→ **Assigned task**
In the data below, one line contains "using assms(2,3) tendsto_orb_norm_basin" and a later one contains "using C(3) \<open>p". Print both, with every line between them, exactly and alone.
*** Data for review ***
(* Let $0<b<1$, $0<c<1$, and let $(\epsilon_n)_{n\geq1}$ satisfy $0<\epsilon_n<n$, $\epsilon_{n+1}\geq\epsilon_n+\frac{1}{2^{n/2}\ln 2}$ for all $n$, and $\epsilon_n/n\to0$. Put $t_n=2^{1-\epsilon_n/n}$, $a_n=c^{t_n^n}$ and $F_n(z,w)=(z^2+a_nw,\ a_nz)$. Let $\Omega=\{(z,w)\in\mathbb{C}^2:F_n\circ\cdots\circ F_1(z,w)\to0\}$, let $K\subseteq\Omega$ be compact, and set $\delta_n=\max\{|z_n|,|w_n|:(z,w)\in K\}$ where $(z_n,w_n)=F_n\circ\cdots\circ F_1(z,w)$. Suppose that for arbitrarily large $n$ there is an integer $k(n)\geq1$ with $t_{n+k(n)+1}\leq 2^{\frac{k(n)}{n+k(n)+1}}$. Then there exist arbitrarily large $n$ such that $\delta_{n+k}\leq a_{n+k+1}b^k$ for all $k\geq0$. *)

theory Defs
  imports "HOL-Analysis.Analysis"
begin

definition tseq :: "(nat \<Rightarrow> real) \<Rightarrow> nat \<Rightarrow> real" where
  "tseq eps n = 2 powr (1 - eps n / real n)"

definition aseq :: "real \<Rightarrow> (nat \<Rightarrow> real) \<Rightarrow> nat \<Rightarrow> real" where
  "aseq c eps n = c powr (tseq eps n ^ n)"

definition Fmap :: "(nat \<Rightarrow> real) \<Rightarrow> nat \<Rightarrow> complex \<times> complex \<Rightarrow> complex \<times> complex" where
  "Fmap a n p = (fst p ^ 2 + complex_of_real (a n) * snd p, complex_of_real (a n) * fst p)"

fun orb :: "(nat \<Rightarrow> real) \<Rightarrow> nat \<Rightarrow> complex \<times> complex \<Rightarrow> complex \<times> complex" where
  "orb a 0 p = p"
| "orb a (Suc n) p = Fmap a (Suc n) (orb a n p)"

definition basin :: "(nat \<Rightarrow> real) \<Rightarrow> (complex \<times> complex) set" where
  "basin a = {p. (\<lambda>n. orb a n p) \<longlonglongrightarrow> 0}"

definition delta :: "(nat \<Rightarrow> real) \<Rightarrow> (complex \<times> complex) set \<Rightarrow> nat \<Rightarrow> real" where
  "delta a K n = (SUP p\<in>K. max (cmod (fst (orb a n p))) (cmod (snd (orb a n p))))"

end

theory Submission
  imports Defs "HOL-Real_Asymp.Real_Asymp"
begin

text \<open>
  Let \<open>m j p\<close> be the sup norm of the \<open>j\<close>-th iterate of \<open>p\<close>, so that
  \<open>m (j+1) \<le> m j ^ 2 + a (j+1) * m j\<close>. Writing \<open>a j = c powr u j\<close> with
  \<open>u j = 2 powr (j - \<epsilon> j)\<close>, the growth condition on \<open>\<epsilon>\<close> gives
  \<open>u (j+1) \<le> 2 u j - u j / 2 powr (j/2)\<close>, and the gap \<open>u j / 2 powr (j/2)\<close> tends to
  infinity because \<open>\<epsilon> j / j \<rightarrow> 0\<close>; hence eventually \<open>2 a j ^ 2 \<le> b a (j+1)\<close>.
  From then on, once \<open>m j \<le> a (j+1)\<close>, the bound \<open>m (j+i) \<le> a (j+i+1) b ^ i\<close>
  propagates. By compactness the orbits of all points of \<open>K\<close> are uniformly small at
  some late time \<open>N\<close>; as long as they stay above the coefficients they then decay
  doubly exponentially, \<open>2 m (N+i) \<le> (2 m N) ^ 2 ^ i\<close>. The hypothesis on
  \<open>t (n+k+1)\<close> says exactly \<open>a (n+k+1) \<ge> c ^ 2 ^ k\<close>, which this decay beats by
  time \<open>n + k\<close>.
\<close>

definition orb_norm :: "(nat \<Rightarrow> real) \<Rightarrow> nat \<Rightarrow> complex \<times> complex \<Rightarrow> real" where
  "orb_norm a j p = max (cmod (fst (orb a j p))) (cmod (snd (orb a j p)))"

lemma orb_norm_nonneg: "0 \<le> orb_norm a j p"
  by (simp add: orb_norm_def le_max_iff_disj)

lemma orb_norm_Suc_le:
  assumes "a (Suc j) \<ge> 0"
  shows "orb_norm a (Suc j) p \<le> (orb_norm a j p)\<^sup>2 + a (Suc j) * orb_norm a j p"
proof -
  obtain z w where zw: "orb a j p = (z, w)" by (cases "orb a j p") auto
  define m where "m = orb_norm a j p"
  have z: "cmod z \<le> m" and w: "cmod w \<le> m"
    using zw by (auto simp: m_def orb_norm_def)
  have "0 \<le> m" by (simp add: m_def orb_norm_nonneg)
  have "cmod (z\<^sup>2 + of_real (a (Suc j)) * w) \<le> cmod z ^ 2 + a (Suc j) * cmod w"
    using assms by (metis abs_of_nonneg norm_mult norm_of_real norm_power norm_triangle_ineq)
  also have "\<dots> \<le> m\<^sup>2 + a (Suc j) * m"
    using z w assms by (intro add_mono power_mono mult_left_mono) auto
  finally have "cmod (z\<^sup>2 + of_real (a (Suc j)) * w) \<le> m\<^sup>2 + a (Suc j) * m" .
  moreover have "cmod (of_real (a (Suc j)) * z) \<le> m\<^sup>2 + a (Suc j) * m"
    using z assms \<open>0 \<le> m\<close> mult_left_mono[OF z, of "a (Suc j)"]
    by (simp add: norm_mult) (smt (verit) zero_le_power2)
  ultimately show ?thesis
    using zw by (simp add: m_def orb_norm_def Fmap_def)
qed

lemma continuous_on_orb: "continuous_on UNIV (orb a n)"
proof (induction n)
  case (Suc n)
  then have "continuous_on UNIV (\<lambda>p. Fmap a (Suc n) (orb a n p))"
    unfolding Fmap_def by (intro continuous_intros) auto
  then show ?case by simp
qed (simp add: continuous_on_id')

lemma continuous_on_orb_norm: "continuous_on UNIV (orb_norm a n)"
  unfolding orb_norm_def using continuous_on_orb[of a n] by (intro continuous_intros) auto

lemma tendsto_orb_norm_basin:
  assumes "p \<in> basin a"
  shows "(\<lambda>n. orb_norm a n p) \<longlonglongrightarrow> 0"
proof -
  have lim: "(\<lambda>n. orb a n p) \<longlonglongrightarrow> 0" using assms by (simp add: basin_def)
  show ?thesis
    unfolding orb_norm_def
    using tendsto_max[OF tendsto_norm[OF tendsto_fst[OF lim]] tendsto_norm[OF tendsto_snd[OF lim]]]
    by simp
qed

lemma delta_le:
  assumes "K \<noteq> {}" "\<And>p. p \<in> K \<Longrightarrow> orb_norm a n p \<le> B"
  shows "delta a K n \<le> B"
  unfolding delta_def orb_norm_def[symmetric] using assms by (intro cSUP_least) auto

lemma orb_norm_decreasing:
  assumes "\<And>n. a n \<ge> 0" "\<And>n. a (Suc n) \<le> c" "\<rho> + c \<le> 1"
    and small: "orb_norm a j p \<le> \<rho>"
  shows "orb_norm a (j + i) p \<le> orb_norm a j p"
proof (induction i)
  case (Suc i)
  define m where "m = orb_norm a (j + i) p"
  have "0 \<le> m" by (simp add: m_def orb_norm_nonneg)
  have "m + a (Suc (j + i)) \<le> 1"
    using Suc small assms(2)[of "j + i"] assms(3) by (simp add: m_def)
  have "orb_norm a (Suc (j + i)) p \<le> m\<^sup>2 + a (Suc (j + i)) * m"
    using orb_norm_Suc_le[of a "j + i", OF assms(1)] by (simp add: m_def)
  also have "\<dots> = m * (m + a (Suc (j + i)))" by (simp add: power2_eq_square algebra_simps)
  also have "\<dots> \<le> m" using \<open>m + a (Suc (j + i)) \<le> 1\<close> \<open>0 \<le> m\<close> by (simp add: mult_left_le)
  finally show ?case using Suc by (simp add: m_def)
qed simp

lemma uniformly_small_on_compact:
  assumes "compact K" "K \<subseteq> basin a" "\<rho> > 0"
    and "\<And>n. a n \<ge> 0" "\<And>n. a (Suc n) \<le> c" "\<rho> + c \<le> 1"
  shows "\<exists>N\<ge>L. \<forall>p\<in>K. orb_norm a N p \<le> \<rho>"
proof -
  define U where "U j = {p. orb_norm a j p < \<rho>}" for j
  have "open (U j)" for j
    unfolding U_def by (rule open_Collect_less) (auto intro: continuous_on_orb_norm continuous_intros)
  moreover have "K \<subseteq> \<Union> (U ` {L..})"
  proof
    fix p assume "p \<in> K"
    then have "eventually (\<lambda>n. orb_norm a n p < \<rho>) sequentially"
      using assms(2,3) tendsto_orb_norm_basin order_tendstoD(2) by blast
    then obtain N where "\<forall>n\<ge>N. orb_norm a n p < \<rho>" by (auto simp: eventually_sequentially)
    then have "p \<in> U (max N L)" by (simp add: U_def)
    then show "p \<in> \<Union> (U ` {L..})" by auto
  qed
  ultimately obtain C where C: "C \<subseteq> {L..}" "finite C" "K \<subseteq> \<Union> (U ` C)"
    using compactE_image[OF assms(1)] by metis
  define N where "N = Max (insert L C)"
  have "orb_norm a N p \<le> \<rho>" if "p \<in> K" for p
  proof -
    obtain j where "j \<in> C" and small: "orb_norm a j p \<le> \<rho>"
      using C(3) \<open>p \<in> K\<close> by (force simp: U_def)
    then have "j \<le> N" using C(2) by (simp add: N_def)
    have "orb_norm a (j + (N - j)) p \<le> orb_norm a j p"
      using orb_norm_decreasing[OF assms(4,5,6) small] .
    then show ?thesis using \<open>j \<le> N\<close> small by simp
  qed
  moreover have "N \<ge> L" using C(2) by (simp add: N_def)
  ultimately show ?thesis by blast
qed

lemma orb_norm_Suc_le_geometric:
  assumes "0 < b" "b \<le> 1" "a (Suc j) \<ge> 0"
    and ratio: "2 * (a (Suc j))\<^sup>2 \<le> b * a (Suc (Suc j))"
    and le: "orb_norm a j p \<le> a (Suc j) * b ^ i"
  shows "orb_norm a (Suc j) p \<le> a (Suc (Suc j)) * b ^ Suc i"
proof -
  define m where "m = orb_norm a j p"
  define \<alpha> where "\<alpha> = a (Suc j)"
  have "0 \<le> m" by (simp add: m_def orb_norm_nonneg)
  have le: "m \<le> \<alpha> * b ^ i" using le by (simp add: m_def \<alpha>_def)
  have bi: "0 \<le> b ^ i" "b ^ i \<le> 1" using assms(1,2) by (auto simp: power_le_one)
  have "m\<^sup>2 \<le> (\<alpha> * b ^ i)\<^sup>2" using \<open>0 \<le> m\<close> le by (intro power_mono) auto
  also have "\<dots> = \<alpha>\<^sup>2 * (b ^ i * b ^ i)" by (simp add: power2_eq_square)
  also have "\<dots> \<le> \<alpha>\<^sup>2 * b ^ i" using bi by (intro mult_left_mono) (auto simp: mult_left_le)
  finally have "m\<^sup>2 \<le> \<alpha>\<^sup>2 * b ^ i" .
  moreover have "\<alpha> * m \<le> \<alpha>\<^sup>2 * b ^ i"
    using mult_left_mono[OF le, of \<alpha>] assms(3) by (simp add: \<alpha>_def power2_eq_square algebra_simps)
  ultimately have "orb_norm a (Suc j) p \<le> 2 * \<alpha>\<^sup>2 * b ^ i"
    using orb_norm_Suc_le[of a j p, OF assms(3)] by (simp add: m_def \<alpha>_def)
  also have "\<dots> \<le> b * a (Suc (Suc j)) * b ^ i"
    using ratio bi by (intro mult_right_mono) (auto simp: \<alpha>_def)
  finally show ?thesis by (simp add: algebra_simps)
qed

lemma orb_norm_le_geometric:
  assumes "0 < b" "b \<le> 1" "\<And>n. a n \<ge> 0"
    and ratio: "\<And>j. j \<ge> N \<Longrightarrow> 2 * (a j)\<^sup>2 \<le> b * a (Suc j)" and "j \<ge> N"
    and le: "orb_norm a j p \<le> a (Suc j)"
  shows "orb_norm a (j + i) p \<le> a (Suc (j + i)) * b ^ i"
proof (induction i)
  case (Suc i)
  have "orb_norm a (Suc (j + i)) p \<le> a (Suc (Suc (j + i))) * b ^ Suc i"
    using \<open>j \<ge> N\<close> by (intro orb_norm_Suc_le_geometric[OF assms(1-3) ratio Suc]) simp
  then show ?case by simp
qed (use le in simp)

lemma orb_norm_dichotomy:
  assumes "0 < b" "b \<le> 1" "\<And>n. a n \<ge> 0"
    and ratio: "\<And>j. j \<ge> N \<Longrightarrow> 2 * (a j)\<^sup>2 \<le> b * a (Suc j)"
  shows "orb_norm a (N + i) p \<le> a (Suc (N + i))
    \<or> 2 * orb_norm a (N + i) p \<le> (2 * orb_norm a N p) ^ 2 ^ i"
proof (induction i)
  case (Suc i)
  define m where "m = orb_norm a (N + i) p"
  show ?case
  proof (cases "m \<le> a (Suc (N + i))")
    case True
    then have "orb_norm a (N + Suc i) p \<le> a (Suc (N + Suc i)) * b"
      using orb_norm_le_geometric[where a=a and N=N and j="N + i" and i=1, OF assms] by (simp add: m_def)
    also have "\<dots> \<le> a (Suc (N + Suc i))" using assms(2,3) by (simp add: mult_left_le)
    finally show ?thesis by simp
  next
    case False
    have "0 \<le> m" by (simp add: m_def orb_norm_nonneg)
    have "orb_norm a (Suc (N + i)) p \<le> m\<^sup>2 + a (Suc (N + i)) * m"
      using orb_norm_Suc_le[of a "N + i", OF assms(3)] by (simp add: m_def)
    also have "\<dots> \<le> m\<^sup>2 + m * m" using False \<open>0 \<le> m\<close> by (simp add: mult_right_mono)
    finally have "2 * orb_norm a (N + Suc i) p \<le> (2 * m)\<^sup>2" by (simp add: power2_eq_square)
    also have "\<dots> \<le> ((2 * orb_norm a N p) ^ 2 ^ i)\<^sup>2"
      using Suc False \<open>0 \<le> m\<close> by (intro power_mono) (auto simp: m_def)
    also have "\<dots> = (2 * orb_norm a N p) ^ 2 ^ Suc i" by (simp only: power_mult[symmetric] power_Suc2)
    finally show ?thesis by simp
  qed
qed simp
*** End of Data for review ***
→ **Solution to this problem**
      using assms(2,3) tendsto_orb_norm_basin order_tendstoD(2) by blast
    then obtain N where "\<forall>n\<ge>N. orb_norm a n p < \<rho>" by (auto simp: eventually_sequentially)
    then have "p \<in> U (max N L)" by (simp add: U_def)
    then show "p \<in> \<Union> (U ` {L..})" by auto
  qed
  ultimately obtain C where C: "C \<subseteq> {L..}" "finite C" "K \<subseteq> \<Union> (U ` C)"
    using compactE_image[OF assms(1)] by metis
  define N where "N = Max (insert L C)"
  have "orb_norm a N p \<le> \<rho>" if "p \<in> K" for p
  proof -
    obtain j where "j \<in> C" and small: "orb_norm a j p \<le> \<rho>"
      using C(3) \<open>p \<in> K\<close> by (force simp: U_def)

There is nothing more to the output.